Sen. Howard Metzenbaum (D-Ohio), completing a series of hearings into the controversial acquisition of 15 failed Texas savings and loans by an Arizona businessman two years ago, said yesterday he will press the Bush administration to renegotiate several of the dozens of subsidized thrift deals hurriedly put together by the federal government in 1988.
"There is an obligation to renegotiate some of these deals," said Metzenbaum, arguing that investors in the so-called Southwest Plan transactions had reaped billions of dollars more in federal subsidies than they deserved.
Metzenbaum's criticism of the wave of thrift mergers and sales in 1988 came as he and other members of the Judiciary Committee's subcommittee on antitrust, monopolies and business rights wrapped up an extended inquiry into the acquisition by Arizona businessman James M. Fail of 15 thrifts that were merged into what is now the Bluebonnet Savings Bank. That transaction, for which Fail put up only $1,000 in cash and $70 million in borrowed funds, will cost taxpayers up to $3 billion, Metzenbaum has argued.
Illustrating the soaring cost of the deal, Metzenbaum said yesterday that the federal subsidy for Bluebonnet will total $573 million next year, almost 60 percent more than earlier predictions.
"James Fail was not the only shark attracted to these deals," said Metzenbaum.
Members of the subcommittee yesterday sharply questioned Robert J. Thompson, a lobbyist who had been an aide to George Bush when he was vice president. Thompson helped Fail win approval for the thrift acquisitions despite a history of legal and regulatory problems that regulators have since said should have disqualified Fail.
Sen. Arlen Specter (R-Pa.) charged that some of the compensation and benefits received by Thompson for his work was "highly irregular." In addition to a $160,000 bonus for completing the transaction, Thompson got a $350,000 loan from Bluebonnet and another $150,000 loan from a company owned by Fail, and stands to earn 2 percent of whatever profits Fail receives from the thrift.
Thompson, replying to claims by Metzenbaum that he had traded on his relationship with senior government officials, said, "I feel very strongly one reason I am here was that I used to work for George Bush."
"This matter doesn't involve George Bush," responded Specter. "This matter involves Robert Thompson and James Fail and the acquisition of thrifts under highly suspicious circumstances."
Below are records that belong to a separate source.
definition eventually_fixed :: "nat \<Rightarrow> (nat \<Rightarrow> nat \<Rightarrow> real) \<Rightarrow> (nat \<Rightarrow> real) \<Rightarrow> bool" where
  "eventually_fixed n C x \<longleftrightarrow> (\<exists>t. \<forall>i<n. (mvec n C ^^ Suc t) x i = (mvec n C ^^ t) x i)"

lemma funpow_mvec_stationary:
  assumes "\<forall>i<n. (mvec n C ^^ Suc t) x i = (mvec n C ^^ t) x i" "i < n"
  shows "(mvec n C ^^ (t + k)) x i = (mvec n C ^^ t) x i"
  using assms(2)
proof (induction k arbitrary: i)
  case (Suc k)
  have "(mvec n C ^^ (t + Suc k)) x i = mvec n C ((mvec n C ^^ (t + k)) x) i" by simp
  also have "\<dots> = mvec n C ((mvec n C ^^ t) x) i" using Suc.IH by (intro mvec_cong) auto
  also have "\<dots> = (mvec n C ^^ t) x i" using assms(1) Suc.prems by simp
  finally show ?case .
qed simp

text \<open>A matrix with \<open>\<lambda> = 1\<close> whose critical cycles cover all nodes: \<open>\<sigma>\<close> follows edges of
  weight \<open>1\<close> and returns to its start after \<open>n\<close> steps.\<close>

locale unit_cycle_cover =
  fixes n :: nat and C :: "nat \<Rightarrow> nat \<Rightarrow> real" and \<sigma> :: "nat \<Rightarrow> nat"
  assumes n_pos: "0 < n"
    and nonneg: "\<And>i j. 0 \<le> C i j" and le_one: "\<And>i j. C i j \<le> 1"
    and \<sigma>_range: "\<And>i. i < n \<Longrightarrow> \<sigma> i < n"
    and \<sigma>_weight: "\<And>i. i < n \<Longrightarrow> C i (\<sigma> i) = 1"
    and \<sigma>_period: "\<And>i. i < n \<Longrightarrow> (\<sigma> ^^ n) i = i"
begin

lemma funpow_\<sigma>_range: "i < n \<Longrightarrow> (\<sigma> ^^ l) i < n"
  by (induction l) (auto simp: \<sigma>_range)

lemma funpow_\<sigma>_multiple_period: "i < n \<Longrightarrow> (\<sigma> ^^ (n * k)) i = i"
  by (induction k) (simp_all add: funpow_add \<sigma>_period)

lemma le_funpow_mvec_multiple_period:
  assumes "\<And>j. j < n \<Longrightarrow> 0 \<le> v j" "i < n"
  shows "v i \<le> (mvec n C ^^ (n * k)) v i"
proof -
  let ?p = "\<lambda>l. (\<sigma> ^^ l) i"
  have "walk_weight C ?p (n * k) = 1"
    unfolding walk_weight_def using assms(2)
    by (intro prod.neutral) (simp add: \<sigma>_weight funpow_\<sigma>_range)
  then show ?thesis
    using walk_weight_le_funpow_mvec[where C = C and v = v and m = "n * k" and p = ?p,
        OF n_pos nonneg assms(1)] assms(2)
    by (simp add: funpow_\<sigma>_multiple_period funpow_\<sigma>_range)
qed

lemma funpow_mvec_le_add_multiple_period:
  assumes "\<And>j. j < n \<Longrightarrow> 0 \<le> v j" "i < n"
  shows "(mvec n C ^^ m) v i \<le> (mvec n C ^^ (m + n * k)) v i"
proof -
  have "(mvec n C ^^ m) v i \<le> (mvec n C ^^ m) ((mvec n C ^^ (n * k)) v) i"
    using assms by (intro funpow_mvec_mono le_funpow_mvec_multiple_period n_pos nonneg)
  then show ?thesis by (simp add: funpow_add)
qed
The subcommittee also released documents that show that some federal regulators were aware that a company controlled by Fail had been convicted of securities fraud in a 1976 Alabama case. That disclosure was made to the Texas regional director of the Federal Deposit Insurance Corp. nine months before regulators approved Fail's application to take over the 15 Texas thrifts. Some regulators had previously testified they were unaware of the conviction.